Exercise directions
Lines from the beginning of the data below through the one containing "maxplus_linear m \<and>" are to be printed exactly as they appear.

____

(* Let $(X,d_X)$ be a compact metric space, let $(\phi_j)_{j\in\mathbb{N}}$ be maps $\phi_j:X\to X$ for which there is $0<\gamma<1$ with $d_X(\phi_j(x_1),\phi_j(x_2))\le \gamma\, d_X(x_1,x_2)$ for all $j\in\mathbb{N}$ and $x_1,x_2\in X$, and let $(q_j)_{j\in\mathbb{N}}$ be real numbers with $q_j\le 0$ for all $j$ and $\sup_{j\in\mathbb{N}} q_j=0$. For $\mu\in I(X)$ and $f\in C(X,\mathbb{R})$ put $$\Lambda_\mu(f):=\lim_{n\to\infty}\ \max_{1\le j\le n} I_j(\mu)(f),\qquad I_j(\mu)(f):=q_j+\mu(f\circ\phi_j).$$ Then this limit exists for every $f\in C(X,\mathbb{R})$, $\Lambda_\mu(f)=\sup_{j\in\mathbb{N}} I_j(\mu)(f)$, and the functional $\Lambda_\mu$ belongs to $I(X)$.
   Context: Max-plus notation: $a\oplus b=\max(a,b)$, $a\odot b=a+b$ on $\mathbb{R}\cup\{-\infty\}$. $C(X,\mathbb{R})$ is the set of continuous real functions on $X$, with $(a\odot f)(x)=a+f(x)$ and $(f\oplus g)(x)=\max(f(x),g(x))$. A functional $m:C(X,\mathbb{R})\to\mathbb{R}$ is max-plus linear if $m(a+f)=a+m(f)$ for all $a\in\mathbb{R}$, $f\in C(X,\mathbb{R})$, and $m(\max(f,g))=\max(m(f),m(g))$ for all $f,g$. $I(X)$ (idempotent probabilities) is the set of max-plus linear functionals $m$ with $m(0)=0$. *)

theory Defs
  imports "HOL-Analysis.Analysis"
begin

text \<open>The compact metric space X is modelled as the whole type 'a (UNIV).
  C(X,R) is the set of functions f :: 'a => real with continuous_on UNIV f.
  Functionals on C(X,R) are HOL functions (('a => real) => real); only their
  values on continuous functions matter.\<close>

definition maxplus_linear :: "(('a::topological_space \<Rightarrow> real) \<Rightarrow> real) \<Rightarrow> bool" where
  "maxplus_linear m \<longleftrightarrow>
     (\<forall>a f. continuous_on UNIV f \<longrightarrow> m (\<lambda>x. a + f x) = a + m f) \<and>
     (\<forall>f g. continuous_on UNIV f \<longrightarrow> continuous_on UNIV g \<longrightarrow>
            m (\<lambda>x. max (f x) (g x)) = max (m f) (m g))"

definition idem_prob :: "(('a::topological_space \<Rightarrow> real) \<Rightarrow> real) \<Rightarrow> bool" where
  "idem_prob m \<longleftrightarrow> maxplus_linear m \<and> m (\<lambda>x. 0) = 0"

definition Ij :: "(nat \<Rightarrow> real) \<Rightarrow> (nat \<Rightarrow> 'a \<Rightarrow> 'a) \<Rightarrow> (('a \<Rightarrow> real) \<Rightarrow> real)
                   \<Rightarrow> nat \<Rightarrow> ('a \<Rightarrow> real) \<Rightarrow> real" where
  "Ij q \<phi> \<mu> j f = q j + \<mu> (f \<circ> \<phi> j)"

definition Lambda :: "(nat \<Rightarrow> real) \<Rightarrow> (nat \<Rightarrow> 'a \<Rightarrow> 'a) \<Rightarrow> (('a \<Rightarrow> real) \<Rightarrow> real)
                   \<Rightarrow> ('a \<Rightarrow> real) \<Rightarrow> real" where
  "Lambda q \<phi> \<mu> f = lim (\<lambda>n. Max ((\<lambda>j. Ij q \<phi> \<mu> j f) ` {1..n}))"

end

theory Submission
  imports Defs
begin

text \<open>Since \<open>\<mu>\<close> is monotone and fixes constants, each \<open>I\<^sub>j(\<mu>)(f)\<close> is bounded by
  \<open>max f\<close>, which is finite by compactness; so the partial maxima increase to the finite
  supremum. A supremum of a bounded family of max-plus linear functionals is again max-plus
  linear, and \<open>\<Lambda>\<^sub>\<mu>(0) = sup\<^sub>j q\<^sub>j = 0\<close>.\<close>

lemma tendsto_Max_atLeastAtMost_SUP:
  fixes x :: "nat \<Rightarrow> 'a::{conditionally_complete_linorder, linorder_topology}"
  assumes bdd: "bdd_above (x ` {m..})"
  shows "(\<lambda>n. Max (x ` {m..n})) \<longlonglongrightarrow> (SUP j\<in>{m..}. x j)"
proof (rule order_tendstoI)
  fix a assume "a < (SUP j\<in>{m..}. x j)"
  then obtain j where j: "m \<le> j" "a < x j"
    using less_cSUP_iff[OF _ bdd] by auto
  have "a < Max (x ` {m..n})" if "j \<le> n" for n
    using j that by (auto simp: Max_gr_iff)
  then show "\<forall>\<^sub>F n in sequentially. a < Max (x ` {m..n})"
    by (rule eventually_sequentiallyI)
next
  fix a assume "(SUP j\<in>{m..}. x j) < a"
  then have "Max (x ` {m..n}) < a" if "m \<le> n" for n
    using that cSUP_upper[OF _ bdd] by fastforce
  then show "\<forall>\<^sub>F n in sequentially. Max (x ` {m..n}) < a"
    by (rule eventually_sequentiallyI)
qed

lemma maxplus_linear_cong:
  assumes "\<And>f. continuous_on UNIV f \<Longrightarrow> m f = m' f"
  shows "maxplus_linear m \<longleftrightarrow> maxplus_linear m'"
proof -
  have "m (\<lambda>x. a + f x) = m' (\<lambda>x. a + f x)" if "continuous_on UNIV f" for a f
    using that by (intro assms continuous_intros)
  moreover have "m (\<lambda>x. max (f x) (g x)) = m' (\<lambda>x. max (f x) (g x))"
    if "continuous_on UNIV f" "continuous_on UNIV g" for f g
    using that by (intro assms continuous_intros)
  ultimately show ?thesis
    using assms unfolding maxplus_linear_def by auto
qed

lemma maxplus_linear_mono:
  assumes "maxplus_linear m" "continuous_on UNIV f" "continuous_on UNIV g" "\<And>x. f x \<le> g x"
  shows "m f \<le> m g"
proof -
  have "(\<lambda>x. max (f x) (g x)) = g"
    using assms(4) by (simp add: max_absorb2)
  then have "m g = max (m f) (m g)"
    using assms(1-3) unfolding maxplus_linear_def by metis
  then show ?thesis by simp
qed

lemma idem_prob_const:
  assumes "idem_prob m"
  shows "m (\<lambda>x. c) = c"
proof -
  have "m (\<lambda>x. c + 0) = c + m (\<lambda>x. 0)"
    using assms continuous_on_const unfolding idem_prob_def maxplus_linear_def by blast
  then show ?thesis
    using assms unfolding idem_prob_def by simp
qed

lemma idem_prob_le_const:
  assumes "idem_prob m" "continuous_on UNIV f" "\<And>x. f x \<le> c"
  shows "m f \<le> c"
  using maxplus_linear_mono[of m f "\<lambda>x. c"] idem_prob_const[of m c] assms
  unfolding idem_prob_def by auto

lemma maxplus_linear_shift_comp:
  fixes m :: "('a::topological_space \<Rightarrow> real) \<Rightarrow> real" and \<phi> :: "'a \<Rightarrow> 'b::topological_space"
  assumes "maxplus_linear m" "continuous_on UNIV \<phi>"
  shows "maxplus_linear (\<lambda>f. c + m (f \<circ> \<phi>))"
proof -
  have cont: "continuous_on UNIV (f \<circ> \<phi>)" if "continuous_on UNIV f" for f :: "'b \<Rightarrow> real"
    using continuous_on_compose2[OF that assms(2)] by (simp add: comp_def)
  have "m ((\<lambda>x. a + f x) \<circ> \<phi>) = a + m (f \<circ> \<phi>)" if "continuous_on UNIV f" for a f
    using assms(1) cont[OF that] unfolding maxplus_linear_def comp_def by auto
  moreover have "m ((\<lambda>x. max (f x) (g x)) \<circ> \<phi>) = max (m (f \<circ> \<phi>)) (m (g \<circ> \<phi>))"
    if "continuous_on UNIV f" "continuous_on UNIV g" for f g
    using assms(1) cont[OF that(1)] cont[OF that(2)] unfolding maxplus_linear_def comp_def by auto
  ultimately show ?thesis
    unfolding maxplus_linear_def by (simp add: max_add_distrib_right)
qed

lemma maxplus_linear_SUP:
  fixes m :: "'i \<Rightarrow> ('a::topological_space \<Rightarrow> real) \<Rightarrow> real"
  assumes "J \<noteq> {}" and lin: "\<And>j. j \<in> J \<Longrightarrow> maxplus_linear (m j)"
    and bdd: "\<And>f. continuous_on UNIV f \<Longrightarrow> bdd_above ((\<lambda>j. m j f) ` J)"
  shows "maxplus_linear (\<lambda>f. SUP j\<in>J. m j f)"
proof -
  have "(SUP j\<in>J. m j (\<lambda>x. a + f x)) = a + (SUP j\<in>J. m j f)" if "continuous_on UNIV f" for a f
  proof -
    have "(SUP j\<in>J. m j (\<lambda>x. a + f x)) = (SUP j\<in>J. a + m j f)"
      using lin that unfolding maxplus_linear_def by (intro SUP_cong) auto
    also have "\<dots> = a + (SUP j\<in>J. m j f)"
      using Sup_add_eq[OF bdd[OF that] \<open>J \<noteq> {}\<close>] .
    finally show ?thesis .
  qed
  moreover have "(SUP j\<in>J. m j (\<lambda>x. max (f x) (g x))) = max (SUP j\<in>J. m j f) (SUP j\<in>J. m j g)"
    if "continuous_on UNIV f" "continuous_on UNIV g" for f g
  proof -
    have "(SUP j\<in>J. m j (\<lambda>x. max (f x) (g x))) = (SUP j\<in>J. max (m j f) (m j g))"
      using lin that unfolding maxplus_linear_def by (intro SUP_cong) auto
    also have "\<dots> = max (SUP j\<in>J. m j f) (SUP j\<in>J. m j g)"
      using SUP_sup_distrib[OF \<open>J \<noteq> {}\<close> bdd[OF that(1)] bdd[OF that(2)]]
      by (simp add: sup_max)
    finally show ?thesis .
  qed
  ultimately show ?thesis
    unfolding maxplus_linear_def by simp
qed

lemma bdd_above_Ij:
  assumes "compact (UNIV :: 'a::topological_space set)" "idem_prob \<mu>"
    and "\<And>j. j \<in> J \<Longrightarrow> q j \<le> 0" "\<And>j. j \<in> J \<Longrightarrow> continuous_on UNIV (\<phi> j)"
    and f: "continuous_on UNIV (f :: 'a \<Rightarrow> real)"
  shows "bdd_above ((\<lambda>j. Ij q \<phi> \<mu> j f) ` J)"
proof -
  obtain x0 where max_f: "\<And>x. f x \<le> f x0"
    using continuous_attains_sup[OF assms(1) _ f] by auto
  have "Ij q \<phi> \<mu> j f \<le> f x0" if j: "j \<in> J" for j
  proof -
    have "continuous_on UNIV (f \<circ> \<phi> j)"
      using continuous_on_compose2[OF f assms(4)[OF j]] by (simp add: comp_def)
    then have "\<mu> (f \<circ> \<phi> j) \<le> f x0"
      using idem_prob_le_const[OF assms(2)] max_f by auto
    then show ?thesis
      using assms(3)[OF j] unfolding Ij_def by simp
  qed
  then show ?thesis by (rule bdd_aboveI2)
qed

theorem lemma2p7:
  fixes \<phi> :: "nat \<Rightarrow> 'a::metric_space \<Rightarrow> 'a" and q :: "nat \<Rightarrow> real" and \<gamma> :: real
    and \<mu> :: "('a \<Rightarrow> real) \<Rightarrow> real"
  assumes "compact (UNIV :: 'a set)"
    and "0 < \<gamma>" and "\<gamma> < 1"
    and "\<forall>j\<ge>1. \<forall>x1 x2. dist (\<phi> j x1) (\<phi> j x2) \<le> \<gamma> * dist x1 x2"
    and "\<forall>j\<ge>1. q j \<le> 0"
    and "(SUP j\<in>{1..}. q j) = 0"
    and "idem_prob \<mu>"
  shows "(\<forall>f. continuous_on UNIV f \<longrightarrow>
            ((\<lambda>n. Max ((\<lambda>j. Ij q \<phi> \<mu> j f) ` {1..n}))
               \<longlonglongrightarrow> (SUP j\<in>{1..}. Ij q \<phi> \<mu> j f)))
         \<and> (\<forall>f. continuous_on UNIV f \<longrightarrow> Lambda q \<phi> \<mu> f = (SUP j\<in>{1..}. Ij q \<phi> \<mu> j f))
         \<and> idem_prob (Lambda q \<phi> \<mu>)"
proof -
  have \<phi>_cont: "continuous_on UNIV (\<phi> j)" if "j \<in> {1..}" for j
    using assms(2,4) that by (intro lipschitz_on_continuous_on[of \<gamma>] lipschitz_onI) auto
  have bdd: "bdd_above ((\<lambda>j. Ij q \<phi> \<mu> j f) ` {1..})" if "continuous_on UNIV f" for f
    using bdd_above_Ij[where J="{1..}" and \<phi>=\<phi>, OF assms(1,7) _ \<phi>_cont that] assms(5) by simp
  have limit: "(\<lambda>n. Max ((\<lambda>j. Ij q \<phi> \<mu> j f) ` {1..n})) \<longlonglongrightarrow> (SUP j\<in>{1..}. Ij q \<phi> \<mu> j f)"
    if "continuous_on UNIV f" for f
    using tendsto_Max_atLeastAtMost_SUP[OF bdd[OF that]] .
  have Lambda_eq: "Lambda q \<phi> \<mu> f = (SUP j\<in>{1..}. Ij q \<phi> \<mu> j f)"
    if "continuous_on UNIV f" for f
    unfolding Lambda_def using limit[OF that] by (rule limI)
  have "maxplus_linear (\<lambda>f. SUP j\<in>{1..}. Ij q \<phi> \<mu> j f)"
  proof (rule maxplus_linear_SUP)
    show "maxplus_linear (Ij q \<phi> \<mu> j)" if "j \<in> {1..}" for j
      unfolding Ij_def using assms(7) \<phi>_cont[OF that]
      by (intro maxplus_linear_shift_comp) (simp_all add: idem_prob_def)
  qed (use bdd in auto)
  then have linear: "maxplus_linear (Lambda q \<phi> \<mu>)"
    using maxplus_linear_cong[of "Lambda q \<phi> \<mu>", OF Lambda_eq] by simp
  have normalized: "Lambda q \<phi> \<mu> (\<lambda>x. 0) = 0"
    using Lambda_eq[of "\<lambda>x. 0"] assms(6) idem_prob_const[OF assms(7)]
    by (simp add: Ij_def comp_def)
  show ?thesis
    unfolding idem_prob_def using limit Lambda_eq linear normalized by (intro conjI allI impI)
qed

end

____

Answer
(* Let $(X,d_X)$ be a compact metric space, let $(\phi_j)_{j\in\mathbb{N}}$ be maps $\phi_j:X\to X$ for which there is $0<\gamma<1$ with $d_X(\phi_j(x_1),\phi_j(x_2))\le \gamma\, d_X(x_1,x_2)$ for all $j\in\mathbb{N}$ and $x_1,x_2\in X$, and let $(q_j)_{j\in\mathbb{N}}$ be real numbers with $q_j\le 0$ for all $j$ and $\sup_{j\in\mathbb{N}} q_j=0$. For $\mu\in I(X)$ and $f\in C(X,\mathbb{R})$ put $$\Lambda_\mu(f):=\lim_{n\to\infty}\ \max_{1\le j\le n} I_j(\mu)(f),\qquad I_j(\mu)(f):=q_j+\mu(f\circ\phi_j).$$ Then this limit exists for every $f\in C(X,\mathbb{R})$, $\Lambda_\mu(f)=\sup_{j\in\mathbb{N}} I_j(\mu)(f)$, and the functional $\Lambda_\mu$ belongs to $I(X)$.
   Context: Max-plus notation: $a\oplus b=\max(a,b)$, $a\odot b=a+b$ on $\mathbb{R}\cup\{-\infty\}$. $C(X,\mathbb{R})$ is the set of continuous real functions on $X$, with $(a\odot f)(x)=a+f(x)$ and $(f\oplus g)(x)=\max(f(x),g(x))$. A functional $m:C(X,\mathbb{R})\to\mathbb{R}$ is max-plus linear if $m(a+f)=a+m(f)$ for all $a\in\mathbb{R}$, $f\in C(X,\mathbb{R})$, and $m(\max(f,g))=\max(m(f),m(g))$ for all $f,g$. $I(X)$ (idempotent probabilities) is the set of max-plus linear functionals $m$ with $m(0)=0$. *)

theory Defs
  imports "HOL-Analysis.Analysis"
begin

text \<open>The compact metric space X is modelled as the whole type 'a (UNIV).
  C(X,R) is the set of functions f :: 'a => real with continuous_on UNIV f.
  Functionals on C(X,R) are HOL functions (('a => real) => real); only their
  values on continuous functions matter.\<close>

definition maxplus_linear :: "(('a::topological_space \<Rightarrow> real) \<Rightarrow> real) \<Rightarrow> bool" where
  "maxplus_linear m \<longleftrightarrow>
     (\<forall>a f. continuous_on UNIV f \<longrightarrow> m (\<lambda>x. a + f x) = a + m f) \<and>
     (\<forall>f g. continuous_on UNIV f \<longrightarrow> continuous_on UNIV g \<longrightarrow>
            m (\<lambda>x. max (f x) (g x)) = max (m f) (m g))"

definition idem_prob :: "(('a::topological_space \<Rightarrow> real) \<Rightarrow> real) \<Rightarrow> bool" where
  "idem_prob m \<longleftrightarrow> maxplus_linear m \<and> m (\<lambda>x. 0) = 0"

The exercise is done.